5.4. Results and Analysis We compare four ranking methods: Google, Random, US, and WS. Google is the ranking provided by Google. Random arbitrarily ranks the web pages. US and WS are the two proposed methods based on a personal UIH learned from a user’s bookmarks. For Random, US, and WS, the top 100 pages retrieved by Google are re-ranked based on the method. Each method is analyzed with two data sets: a set of web pages chosen as interesting and another chosen as potentially interesting by the users. Top link analysis, precision/recall analysis, the sensitivity of personal score weight c (Section 6.2.4) are discussed.

5.4.1. Interesting Web Page 5.4.1.1. Top Link Analysis Web search engine users are usually interested in the links ranked within top 20 (Chen and Sycara, 1998). We compare each method only with Top 1, 5, 10, 15, and 20 links on the interesting web page data set and present the results in Table 20. The first column is the methods; the next five columns present the precision values of each method with respect to the five Top links. The values in each cell are the average of 22 search terms’ precision values. High precision value indicates high accuracy/performance.

Precision values higher than Google’s are formatted as bold and the percentage of improvement is within parentheses. The highest precision value in each column is underscored.

The results show that our WS method was more accurate than Google in three Top links (Top 10, 15, and 20) and the percentages of improvements are at least 13%, while WS ties with Google for Top 1 and Top 5. In terms of the highest precision, WS showed highest performance in four columns; Google showed in only two columns and the values are equal to WS. Compared to US, WS showed higher precision in four (Top 1, 5, 15 and

20) of the five columns. Random was the lowest as we expected, showing the lowest precisions in all five columns. These results indicate that WS achieves the highest overall precision.

We also wanted to know which search terms yielded higher precision with WS than with Google and analyzed the precision with respect to each individual search terms.

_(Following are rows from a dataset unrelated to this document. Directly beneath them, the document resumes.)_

lemma integral_PiM_rademacher:
  fixes f :: "(nat \<Rightarrow> real) \<Rightarrow> real"
  assumes "finite I" and "f \<in> borel_measurable (PiM I (\<lambda>_. rademacher))"
    and "\<And>\<sigma>. \<sigma> \<in> space (PiM I (\<lambda>_. rademacher)) \<Longrightarrow> \<bar>f \<sigma>\<bar> \<le> C"
  shows "(\<integral>\<sigma>. f \<sigma> \<partial>PiM I (\<lambda>_. rademacher)) = sign_avg I f"
  using assms
proof (induction I arbitrary: f rule: finite_induct)
  case empty
  then show ?case by (simp add: PiM_empty lebesgue_integral_count_space_finite sign_avg_empty)
next
  case (insert i I)
  let ?P = "PiM I (\<lambda>_. rademacher)"
  interpret R: prob_space rademacher by (rule prob_space_rademacher)
  interpret product_prob_space "\<lambda>_::nat. rademacher" by unfold_locales
  interpret PI: prob_space ?P by (rule prob_space_PiM) (simp add: prob_space_rademacher)
  interpret PI': prob_space "PiM (insert i I) (\<lambda>_. rademacher)"
    by (rule prob_space_PiM) (simp add: prob_space_rademacher)
  have upd: "x(i:=s) \<in> space (PiM (insert i I) (\<lambda>_. rademacher))" if "x \<in> space ?P" for x s
    using that by (auto simp: space_PiM PiE_def extensional_def)
  have upd_measurable: "(\<lambda>x. f (x(i:=s))) \<in> borel_measurable ?P" for s
  proof -
    have "(\<lambda>x. (x, s)) \<in> measurable ?P (?P \<Otimes>\<^sub>M rademacher)" by measurable
    from measurable_comp[OF measurable_comp[OF this measurable_add_dim] insert.prems(1)]
    show ?thesis by (simp add: comp_def)
  qed
  have upd_integral: "(\<integral>x. f (x(i:=s)) \<partial>?P) = sign_avg I (\<lambda>\<sigma>. f (\<sigma>(i:=s)))" for s
    by (rule insert.IH[OF upd_measurable insert.prems(2)[OF upd]])
  have upd_bound: "norm (f (x(i:=s))) \<le> C" if "x \<in> space ?P" for x s
    using insert.prems(2)[OF upd[OF that]] by (simp only: real_norm_def)
  have upd_integrable: "integrable ?P (\<lambda>x. f (x(i:=s)))" for s
    using upd_bound by (intro PI.integrable_const_bound[where B=C] AE_I2 upd_measurable)
  have "integrable (PiM (insert i I) (\<lambda>_. rademacher)) f"
    using insert.prems by (intro PI'.integrable_const_bound[where B=C]) auto
  then have "(\<integral>\<sigma>. f \<sigma> \<partial>PiM (insert i I) (\<lambda>_. rademacher)) = (\<integral>x. \<integral>s. f (x(i:=s)) \<partial>rademacher \<partial>?P)"
    by (rule product_integral_insert[OF insert.hyps])
  also have "\<dots> = ((\<integral>x. f (x(i:=1)) \<partial>?P) + (\<integral>x. f (x(i:=-1)) \<partial>?P)) / 2"
    using upd_integrable by (simp add: integral_rademacher)
  also have "\<dots> = sign_avg (insert i I) f"
    by (simp only: upd_integral sign_avg_insert[OF insert.hyps])
  finally show ?case .
qed

section \<open>McDiarmid's inequality\<close>

lemma Hoeffdings_lemma_oscillation:
  assumes "prob_space M" and f [measurable]: "f \<in> borel_measurable M"
    and bound: "\<And>y. y \<in> space M \<Longrightarrow> \<bar>f y\<bar> \<le> K"
    and osc: "\<And>y y'. y \<in> space M \<Longrightarrow> y' \<in> space M \<Longrightarrow> f y - f y' \<le> c"
    and "s > 0"
  shows "(\<integral>\<^sup>+y. ennreal (exp (s * (f y - (\<integral>y. f y \<partial>M)))) \<partial>M) \<le> ennreal (exp (s\<^sup>2 * c\<^sup>2 / 8))"
proof -
  interpret prob_space M by fact
  define a where "a = Inf (f ` space M)"
  have bdd: "bdd_below (f ` space M)"
    using bound by (force intro!: bdd_belowI[of _ "-K"] simp: abs_le_iff)
  have "f y \<in> {a..a + c}" if y: "y \<in> space M" for y
  proof -
    have "f y - c \<le> f y'" if "y' \<in> space M" for y'
      using osc[OF y that] by linarith
    then have "f y - c \<le> a"
      unfolding a_def using not_empty by (intro cINF_greatest) auto
    then show ?thesis unfolding a_def using cINF_lower[OF bdd y] by simp
  qed
  then interpret interval_bounded_random_variable M f a "a + c"
    by unfold_locales (auto intro!: AE_I2)
  show ?thesis using Hoeffdings_lemma_nn_integral[OF \<open>s > 0\<close>] by simp
qed

locale coordinate_integration =
  fixes M :: "'a measure" and F :: "(nat \<Rightarrow> 'a) \<Rightarrow> real" and i :: nat and I :: "nat set"
    and K :: real
  assumes M: "prob_space M" and i: "i \<notin> I"
    and F [measurable]: "F \<in> borel_measurable (PiM (insert i I) (\<lambda>_. M))"
    and bound: "\<And>x. x \<in> space (PiM (insert i I) (\<lambda>_. M)) \<Longrightarrow> \<bar>F x\<bar> \<le> K"
begin

lemma PiM_update_in_space:
  "x \<in> space (PiM I (\<lambda>_. M)) \<Longrightarrow> y \<in> space M \<Longrightarrow> x(i:=y) \<in> space (PiM (insert i I) (\<lambda>_. M))"
  by (auto simp: space_PiM PiE_def extensional_def Pi_iff)

lemma measurable_F_update:
  "x \<in> space (PiM I (\<lambda>_. M)) \<Longrightarrow> (\<lambda>y. F (x(i:=y))) \<in> borel_measurable M"
  using measurable_comp[OF measurable_component_update[OF _ i] F] by (simp add: comp_def)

Out of 22 search terms (11 users × 2 search terms), WS achieved higher precision for 12 search terms (55%), Google did for 8 search terms (36%), and they were even for 2 search terms (9%). Since the UIH is built from a user’s bookmarks, we analyse the bookmarks to understand the search terms that did not perform well using WS. When we compare the bookmarks with the “good” retrieved web pages, we found that they are unrelated. For example, a volunteer used “woodworking tutorial” as a search term, but he never bookmarked web pages related to that term. This implies bookmarks are useful for building user profiles, but they are not sufficient. We will discuss enhancements in the conclusion.

5.4.1.2. Statistical Significance In order to see if this improvement is statistically significant we conducted t-Test (paired two samples for means) between two groups of individual search terms with Google and WS for each Top link. There was no statistically significant difference between WS and Google for any Top link with 95% confidence (P=1and t=2.079 for Top 1; P=1and t=2.079 for Top 5; P=0.328 and t=2.079 for Top 10; P=0.204 and t=2.079 for Top 15;

P=0.147 and t=2.079 for Top 20).

To understand why our improvements are not statistically significant, we analyze the variance in the precision values. In Figure 22 we plot the average and the standard deviation (SDs) of 22 search terms’ precisions from Google with respect to the five Top links. The x-axis shows the Top links and y-axis represents the average and the SD of precision values. The dots in the middle of vertical bars are the averages and the bars themselves represent the SD values. Variance was large for Top 1 and decreases when more links were considered.